Summer was a pretty solid B-grade student. She wasn’t buying it. “Where’s your entourage, anyway?”

“They have weekends off. All of my employees receive excellent benefit packages—including the interns.”

“That’s nice. I’m sure whoever you hire as an intern will be really happy to hear that,” Summer said, throwing open the back doors and stalking across the hill toward the data center. The rain had stopped, but the grass was still slick under her sandals.

“When you failed to arrive on time this morning, I came here immediately to arrange a transfer of funds. I donated three million dollars to break ground on the new computer sciences building an hour ago.”

She stopped walking. All of her good humor had suddenly gone missing in action.

“I don’t want a new building and I don’t want the job. You just—you don’t even have a f*cking clue, do you? This is some weirdo come-on. I don’t know why you got it in your head that you need me, but you can’t buy me. Go bribe some other college student.”

He hooked a hand in his pocket, leaned his weight on one leg, and lifted his chin. It pulled his slacks tight against his hips, and that cocky look was simultaneously frustrating and arousing. “I don’t want just any college student to work for me. I want you to work for me.” Summer almost laughed again, until she saw how serious he looked. He slid his sunglasses down his nose and fixed her with the heat of his gaze. “I need you, Summer.”

It felt like the entire campus was spinning around her. That smoky voice, the heated gaze—it was hard to remember why she should find the whole situation weird and kind of insulting.

But was that a hint of vulnerability in his voice when he said that he needed her?

The maid, Margaret, had said that Nash had no family. His house smelled like he never had company beyond his staff. He had been distant from his own cocktail party, alone with his thoughts and an endless night.

Maybe Nash Adamson did need Summer, although not in the way that he thought.

“So this isn’t a come-on,” she said once she remembered how to talk. “You want a programmer. And this is just an internship—not a job—for the rest of the spring term.”

“That’s right,” he said, looking satisfied that she was finally catching on.

That’s bullshit.



Call it paranoia, but Summer wasn’t buying what he was selling. He had already invested in her—not just the creepy wardrobe of dresses, but by building an entire new building. He wanted her, and he wanted her bad. There was no way it could ever be “just an internship.”

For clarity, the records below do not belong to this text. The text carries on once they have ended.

lemma C2E:
  assumes "C2 g"
  obtains D E where "has_continuous_derivative g D" and "has_continuous_derivative D E"
proof -
  from assms[unfolded C2_def] obtain D E
    where "\<forall>x. (g has_derivative blinfun_apply (D x)) (at x)"
      and dD: "\<forall>x. (D has_derivative blinfun_apply (E x)) (at x)" and "continuous_on UNIV E"
    by blast
  moreover have "continuous_on UNIV D"
    using dD by (meson continuous_at_imp_continuous_on has_derivative_continuous)
  ultimately show thesis
    by (intro that) (simp_all add: has_continuous_derivative_def)
qed

lemma C2c_on_differentiable:
  assumes "C2c_on S g" shows "g differentiable at x"
proof -
  obtain D E where "has_continuous_derivative g D" "has_continuous_derivative D E"
    using assms C2E unfolding C2c_on_def by blast
  then show ?thesis using has_continuous_derivativeD differentiableI by blast
qed

lemma C2c_on_vanishes_outside:
  assumes "C2c_on S g" and "x \<notin> S" shows "g x = 0"
proof (rule ccontr)
  assume "g x \<noteq> 0"
  then have "x \<in> closure {y. g y \<noteq> 0}"
    by (intro closure_subset[THEN subsetD]) simp
  then show False
    using assms unfolding C2c_on_def by blast
qed

lemma derivative_vanishes_outside:
  fixes g :: "'a::real_normed_vector \<Rightarrow> 'b::real_normed_vector"
  assumes "(g has_derivative blinfun_apply D) (at x)"
    and "\<And>y. R \<le> norm y \<Longrightarrow> g y = 0" and "R + 1 \<le> norm x"
  shows "D = 0"
proof -
  have "(g has_derivative (\<lambda>_. 0)) (at x)"
  proof (rule has_derivative_transform_within_open[OF has_derivative_const, where s="ball x 1"])
    fix y assume "y \<in> ball x 1"
    then have "R \<le> norm y"
      using assms(3) norm_triangle_ineq2[of x y] by (simp add: dist_norm)
    then show "0 = g y" using assms(2) by simp
  qed simp_all
  then show ?thesis
    using assms(1) has_derivative_unique by (metis blinfun_eqI zero_blinfun.rep_eq)
qed

lemma dir_deriv_eqI: "(h has_derivative F) (at x) \<Longrightarrow> dir_deriv w h x = F w"
  unfolding dir_deriv_def by (simp add: frechet_derivative_at[symmetric])

lemma partial_eqI: "(h has_derivative F) (at x) \<Longrightarrow> partial i h x = F (axis i 1)"
  unfolding partial_def by (simp add: frechet_derivative_at[symmetric])

lemma partial_diff:
  assumes "h1 differentiable at x" and "h2 differentiable at x"
  shows "partial i (\<lambda>y. h1 y - h2 y) x = partial i h1 x - partial i h2 x"
  using partial_eqI[OF has_derivative_diff[OF assms[unfolded frechet_derivative_works]]]
  by (simp add: partial_def)

lemma curl2_diff:
  fixes f g :: "real^2 \<Rightarrow> real^2"
  assumes "\<And>i. (\<lambda>y. f y $ i) differentiable at x" and "\<And>i. (\<lambda>y. g y $ i) differentiable at x"
  shows "curl2 (\<lambda>y. f y - g y) x = curl2 f x - curl2 g x"
  using assms by (simp add: curl2_def partial_diff)

lemma div2_diff:
  fixes f g :: "real^2 \<Rightarrow> real^2"
  assumes "\<And>i. (\<lambda>y. f y $ i) differentiable at x" and "\<And>i. (\<lambda>y. g y $ i) differentiable at x"
  shows "div2 (\<lambda>y. f y - g y) x = div2 f x - div2 g x"
  using assms by (simp add: div2_def partial_diff)

lemma linear_real2_expansion:
  fixes L :: "real^2 \<Rightarrow> real"
  assumes "linear L"
  shows "L w = w$1 * L (axis 1 1) + w$2 * L (axis 2 1)"
proof -
  have "w = w$1 *\<^sub>R axis 1 1 + w$2 *\<^sub>R axis 2 1"
    by (simp add: vec_eq_iff forall_2 axis_def)
  then have "L w = L (w$1 *\<^sub>R axis 1 1 + w$2 *\<^sub>R axis 2 1)" by simp
  then show ?thesis by (simp add: linear_add[OF assms] linear_scale[OF assms])
qed

lemma integral_atLeast_0_eq_cbox:
  fixes g :: "real \<Rightarrow> 'a::banach"
  assumes "continuous_on (cbox 0 T) g" and "\<And>t. T \<le> t \<Longrightarrow> g t = 0"
  shows "integral {0..} g = integral (cbox 0 T) g"
proof -
  have "((\<lambda>t. if t \<in> cbox 0 T then g t else 0) has_integral integral (cbox 0 T) g) {0..}"
    using integrable_continuous[OF assms(1)] by (subst has_integral_restrict) auto
  then have "(g has_integral integral (cbox 0 T) g) {0..}"
    by (rule has_integral_cong[THEN iffD1, rotated]) (auto simp: assms(2))
  then show ?thesis by (rule integral_unique)
qed

lemma ray_transform_eq_integral_cbox:
  assumes "norm u = 1" and "continuous_on UNIV \<psi>"
    and "\<And>y. R \<le> norm y \<Longrightarrow> \<psi> y = 0" and "R + norm x \<le> T"
  shows "ray_transform u \<psi> x = integral (cbox 0 T) (\<lambda>t. \<psi> (x + t *\<^sub>R u))"
  unfolding ray_transform_def
proof (rule integral_atLeast_0_eq_cbox)
  show "continuous_on (cbox 0 T) (\<lambda>t. \<psi> (x + t *\<^sub>R u))"
    by (intro continuous_on_compose2[OF assms(2)] continuous_intros) auto
  fix t :: real assume "T \<le> t"
  moreover have "norm (t *\<^sub>R u) \<le> norm x + norm (x + t *\<^sub>R u)"
    using norm_triangle_ineq4[of "x + t *\<^sub>R u" x] by simp
  ultimately show "\<psi> (x + t *\<^sub>R u) = 0"
    using assms by (intro assms(3)) auto
qed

But maybe when a man had spent his entire life alone, that was the only way he knew how to reach out for help.

She blew a stray curl out of her face. “Okay. I can be your programmer, but only for the semester, and with one condition.”

“Anything,” he said. It sounded like an invitation.

Summer grinned, knowing how disarming her smile could be. One corner of her lips lifted higher than the other, as if her mouth had been placed crookedly on her face, and it made her look less like a pretty college girl and more like an imp. “You have to buy me a coffee, first.”